The new table tennis bot comprises a multijointed robotic arm that is fixed to one end of a ping pong table and wields a standard ping pong paddle. Aided by several high-speed cameras and a high-bandwidth predictive control system, the robot quickly estimates the speed and trajectory of an incoming ball and executes one of several swing types — loop, drive, or chop — to precisely hit the ball to a desired location on the table with various types of spin.

In tests, the engineers threw 150 balls at the robot, one after the other, from across the ping pong table. The bot successfully returned the balls with a hit rate of about 88 percent across all three swing types. The robot’s strike speed approaches the top return speeds of human players and is faster than that of other robotic table tennis designs.

Now, the team is looking to increase the robot’s playing radius so that it can return a wider variety of shots. Then, they envision the setup could be a viable competitor in the growing field of smart robotic training systems.

Beyond the game, the team says the table tennis tech could be adapted to improve the speed and responsiveness of humanoid robots, particularly for search-and-rescue scenarios, and situations in a which a robot would need to quickly react or anticipate.
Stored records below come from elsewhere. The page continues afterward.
lemma path_metric_zero_obj_le:
  assumes Z: "is_zero_obj C Z" and A: "A \<in> Obj C"
  shows "path_metric C \<alpha> A Z \<le> \<alpha> A"
proof -
  have Z_obj: "Z \<in> Obj C" using Z unfolding is_zero_obj_def by simp
  have zero: "Zro C A Z \<in> Hom C A Z" using zero_closed[OF A Z_obj] .
  have "path_metric C \<alpha> A Z \<le> zz_cost C \<alpha> A [(Zro C A Z, True, Z)]"
    unfolding path_metric_def using A Z_obj zero by (intro INF_lower) simp
  also have "\<dots> = \<alpha> (ker_obj C A Z (Zro C A Z)) + \<alpha> (coker_obj C A Z (Zro C A Z))" by simp
  also have "\<dots> \<le> \<alpha> A + \<alpha> Z"
    using amplitude_ker_obj_le[OF A Z_obj zero] amplitude_coker_obj_le[OF A Z_obj zero] by (rule add_mono)
  finally show ?thesis using amplitude_zero_obj[OF Z] by simp
qed

end

lemma additive_functor_zero_obj:
  assumes C: "preadditive_category C" and D: "preadditive_category D"
    and F: "additive_functor C D Fo Fm" and Z: "is_zero_obj C Z"
  shows "is_zero_obj D (Fo Z)"
proof -
  interpret C: preadditive_category C by (rule C)
  interpret D: preadditive_category D by (rule D)
  have Z_obj: "Z \<in> Obj C" and Z_endo: "Hom C Z Z = {Zro C Z Z}"
    using Z unfolding is_zero_obj_def by simp_all
  have FZ: "Fo Z \<in> Obj D" using F Z_obj unfolding additive_functor_def by simp
  have zero: "Zro C Z Z \<in> Hom C Z Z" using Z_endo by simp
  have F_zero: "Fm Z Z (Zro C Z Z) \<in> Hom D (Fo Z) (Fo Z)"
    using F Z_obj zero unfolding additive_functor_def by simp
  have "Idm C Z = Zro C Z Z" using C.id_closed[OF Z_obj] Z_endo by simp
  then have F_id: "Fm Z Z (Zro C Z Z) = Idm D (Fo Z)"
    using F Z_obj unfolding additive_functor_def by metis
  have "Add D (Fo Z) (Fo Z) (Fm Z Z (Zro C Z Z)) (Fm Z Z (Zro C Z Z)) = Fm Z Z (Zro C Z Z)"
    using F Z_obj zero C.add_zero_right[OF Z_obj Z_obj zero] unfolding additive_functor_def by metis
  then have "Fm Z Z (Zro C Z Z) = Zro D (Fo Z) (Fo Z)" using D.add_self_eq_zero[OF FZ FZ F_zero] by simp
  then show ?thesis using F_id D.zero_objI[OF FZ] by simp
qed

theorem mainTheorem9:
  fixes C :: "('o, 'm) acat" and D :: "('p, 'n) acat"
    and \<alpha> :: "'o \<Rightarrow> ennreal" and \<alpha>' :: "'p \<Rightarrow> ennreal"
    and Fo :: "'o \<Rightarrow> 'p" and Fm :: "'o \<Rightarrow> 'o \<Rightarrow> 'm \<Rightarrow> 'n" and K :: real
  assumes "abelian_cat C" and "abelian_cat D"
    and "amplitude C \<alpha>" and "amplitude D \<alpha>'"
    and "additive_functor C D Fo Fm"
    and "K \<ge> 0"
    and "\<forall>A\<in>Obj C. \<forall>B\<in>Obj C.
           path_metric D \<alpha>' (Fo A) (Fo B) \<le> ennreal K * path_metric C \<alpha> A B"
  shows "\<forall>A\<in>Obj C. \<alpha>' (Fo A) \<le> ennreal K * \<alpha> A"
proof
  fix A assume A: "A \<in> Obj C"
  interpret C: amplitude_category C \<alpha> using assms(1,3) by unfold_locales
  interpret D: amplitude_category D \<alpha>' using assms(2,4) by unfold_locales
  obtain Z where Z: "is_zero_obj C Z" using C.zero_obj_ex ..
  have FZ: "is_zero_obj D (Fo Z)"
    using additive_functor_zero_obj[OF C.preadditive_category_axioms D.preadditive_category_axioms
        assms(5) Z] .
  have "\<alpha>' (Fo A) \<le> path_metric D \<alpha>' (Fo A) (Fo Z)"
    using D.amplitude_le_path_metric[of "Fo A" "Fo Z"] D.amplitude_zero_obj[OF FZ] by simp
  also have "\<dots> \<le> ennreal K * path_metric C \<alpha> A Z"
    using assms(7) A Z unfolding is_zero_obj_def by blast
  also have "\<dots> \<le> ennreal K * \<alpha> A"
    using C.path_metric_zero_obj_le[OF Z A] by (rule mult_left_mono) simp
  finally show "\<alpha>' (Fo A) \<le> ennreal K * \<alpha> A" .
qed

end
(* Let $n,k$ be integers with $1 \leq k \leq n$ and let $q$ be a prime power with $q > \binom{n-1}{k-1}$. Then there exists an $[n,k]_q$ MDS code that has a $k \times n$ generator matrix $\mathbf{G}$ over $\mathbb{F}_q$ satisfying both of the following: (C1) (sparsest) each row of $\mathbf{G}$ has Hamming weight $n-k+1$; (C2) (balanced) the Hamming weights of the columns of $\mathbf{G}$ differ from each other by at most one.
   Context: $\mathbb{F}_q$ is the finite field with $q$ elements. The Hamming weight of a vector is the number of its nonzero coordinates; rows and columns of a matrix are regarded as vectors. An $[n,k]_q$ MDS code is a linear code of length $n$ and dimension $k$ over $\mathbb{F}_q$ with minimum distance $n-k+1$. *)

theory Defs
  imports Main
begin

text \<open>Vectors of length n over a field are functions nat => 'a, only the
coordinates 0..<n matter.  A k x n matrix is a function nat => nat => 'a,
entries G i j with i < k, j < n.\<close>

definition hamming_weight :: "nat \<Rightarrow> (nat \<Rightarrow> 'a::zero) \<Rightarrow> nat" where
  "hamming_weight n v = card {j. j < n \<and> v j \<noteq> 0}"

definition hamming_dist :: "nat \<Rightarrow> (nat \<Rightarrow> 'a) \<Rightarrow> (nat \<Rightarrow> 'a) \<Rightarrow> nat" where
  "hamming_dist n u v = card {j. j < n \<and> u j \<noteq> v j}"

definition row_space :: "nat \<Rightarrow> nat \<Rightarrow> (nat \<Rightarrow> nat \<Rightarrow> 'a::comm_ring_1) \<Rightarrow> (nat \<Rightarrow> 'a) set" where
  "row_space k n G = {(\<lambda>j. if j < n then (\<Sum>i<k. m i * G i j) else 0) | m. True}"

definition rows_independent :: "nat \<Rightarrow> nat \<Rightarrow> (nat \<Rightarrow> nat \<Rightarrow> 'a::comm_ring_1) \<Rightarrow> bool" where
  "rows_independent k n G \<longleftrightarrow>
     (\<forall>m. (\<forall>j<n. (\<Sum>i<k. m i * G i j) = 0) \<longrightarrow> (\<forall>i<k. m i = 0))"

definition min_distance :: "nat \<Rightarrow> (nat \<Rightarrow> 'a) set \<Rightarrow> nat" where
  "min_distance n C = Min {hamming_dist n u v | u v. u \<in> C \<and> v \<in> C \<and> u \<noteq> v}"

definition generates_MDS :: "nat \<Rightarrow> nat \<Rightarrow> (nat \<Rightarrow> nat \<Rightarrow> 'a::field) \<Rightarrow> bool" where
  "generates_MDS k n G \<longleftrightarrow>
     rows_independent k n G \<and> min_distance n (row_space k n G) = n - k + 1"

definition row_weight :: "nat \<Rightarrow> (nat \<Rightarrow> nat \<Rightarrow> 'a::zero) \<Rightarrow> nat \<Rightarrow> nat" where
  "row_weight n G i = hamming_weight n (\<lambda>j. G i j)"

definition col_weight :: "nat \<Rightarrow> (nat \<Rightarrow> nat \<Rightarrow> 'a::zero) \<Rightarrow> nat \<Rightarrow> nat" where
  "col_weight k G j = hamming_weight k (\<lambda>i. G i j)"

end

theory Submission
  imports Defs "Jordan_Normal_Form.Determinant"
begin

text \<open>Let row i of the generator matrix vanish exactly on the k - 1 cyclically consecutive columns
  starting at \<lfloor>i n / k\<rfloor>. Then every row has weight n - k + 1, and since the starting points
  are evenly spread, each column contains \<lfloor>k (k - 1) / n\<rfloor> or \<lfloor>k (k - 1) / n\<rfloor> + 1 zeros.

  For every set J of k columns this pattern admits a perfect matching between the rows and the
  columns of J avoiding the zeros: listing J increasingly, a suitable cyclic shift works. The
  nonzero entries are then chosen column by column, maintaining that for every J the minor on the
  columns of J already filled and on their matched rows is nonsingular. Adding column t, each such
  minor for a J containing t is a linear form in the new column whose coefficient at the matched
  row is the previous minor, hence nonzero; at most C(n - 1, k - 1) < q sets J contain t, so some
  column avoids all these hyperplanes. In the end every k x k minor is nonzero, i.e. every k
  columns are independent, which makes the code MDS.\<close>

section \<open>Avoiding finitely many hyperplanes\<close>

lemma card_affine_roots_le_1:
  fixes a b :: "'a::field"
  assumes "a \<noteq> 0 \<or> b \<noteq> 0"
  shows "card {x. a + b * x = 0} \<le> 1"
proof (cases "b = 0")
  case False
  then have "{x. a + b * x = 0} = {- a / b}"
    by (auto simp: field_simps add_eq_0_iff)
  then show ?thesis by simp
qed (use assms in simp)

lemma exists_point_off_affine_roots:
  fixes a b :: "'i \<Rightarrow> 'a::{finite,field}"
  assumes "finite F" "card F < card (UNIV :: 'a set)" "\<forall>c\<in>F. a c \<noteq> 0 \<or> b c \<noteq> 0"
  shows "\<exists>x. \<forall>c\<in>F. a c + b c * x \<noteq> 0"
proof -
  have "card (\<Union>c\<in>F. {x. a c + b c * x = 0}) \<le> (\<Sum>c\<in>F. card {x. a c + b c * x = 0})"
    by (rule card_UN_le[OF assms(1)])
  also have "\<dots> \<le> (\<Sum>c\<in>F. 1)"
    using card_affine_roots_le_1 assms(3) by (intro sum_mono) blast
  also have "\<dots> = card F" by simp
  finally have "card (\<Union>c\<in>F. {x. a c + b c * x = 0}) < card (UNIV :: 'a set)"
    using assms(2) by linarith
  then have "(\<Union>c\<in>F. {x. a c + b c * x = 0}) \<noteq> UNIV" by auto
  then show ?thesis by blast
qed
“The problems that we’re solving, specifically related to intercepting objects really quickly and precisely, could potentially be useful in scenarios where a robot has to carry out dynamic maneuvers and plan where its end effector will meet an object, in real-time,” says MIT graduate student David Nguyen.

Nguyen is a co-author of the new study, along with MIT graduate student Kendrick Cancio and Sangbae Kim, associate professor of mechanical engineering and head of the MIT Biomimetics Robotics Lab. The researchers will present the results of those experiments in a paper at the IEEE International Conference on Robotics and Automation (ICRA) this month.

Precise play

Building robots to play ping pong is a challenge that researchers have taken up since the 1980s. The problem requires a unique combination of technologies, including high-speed machine vision, fast and nimble motors and actuators, precise manipulator control, and accurate, real-time prediction, as well as higher-level planning of game strategy.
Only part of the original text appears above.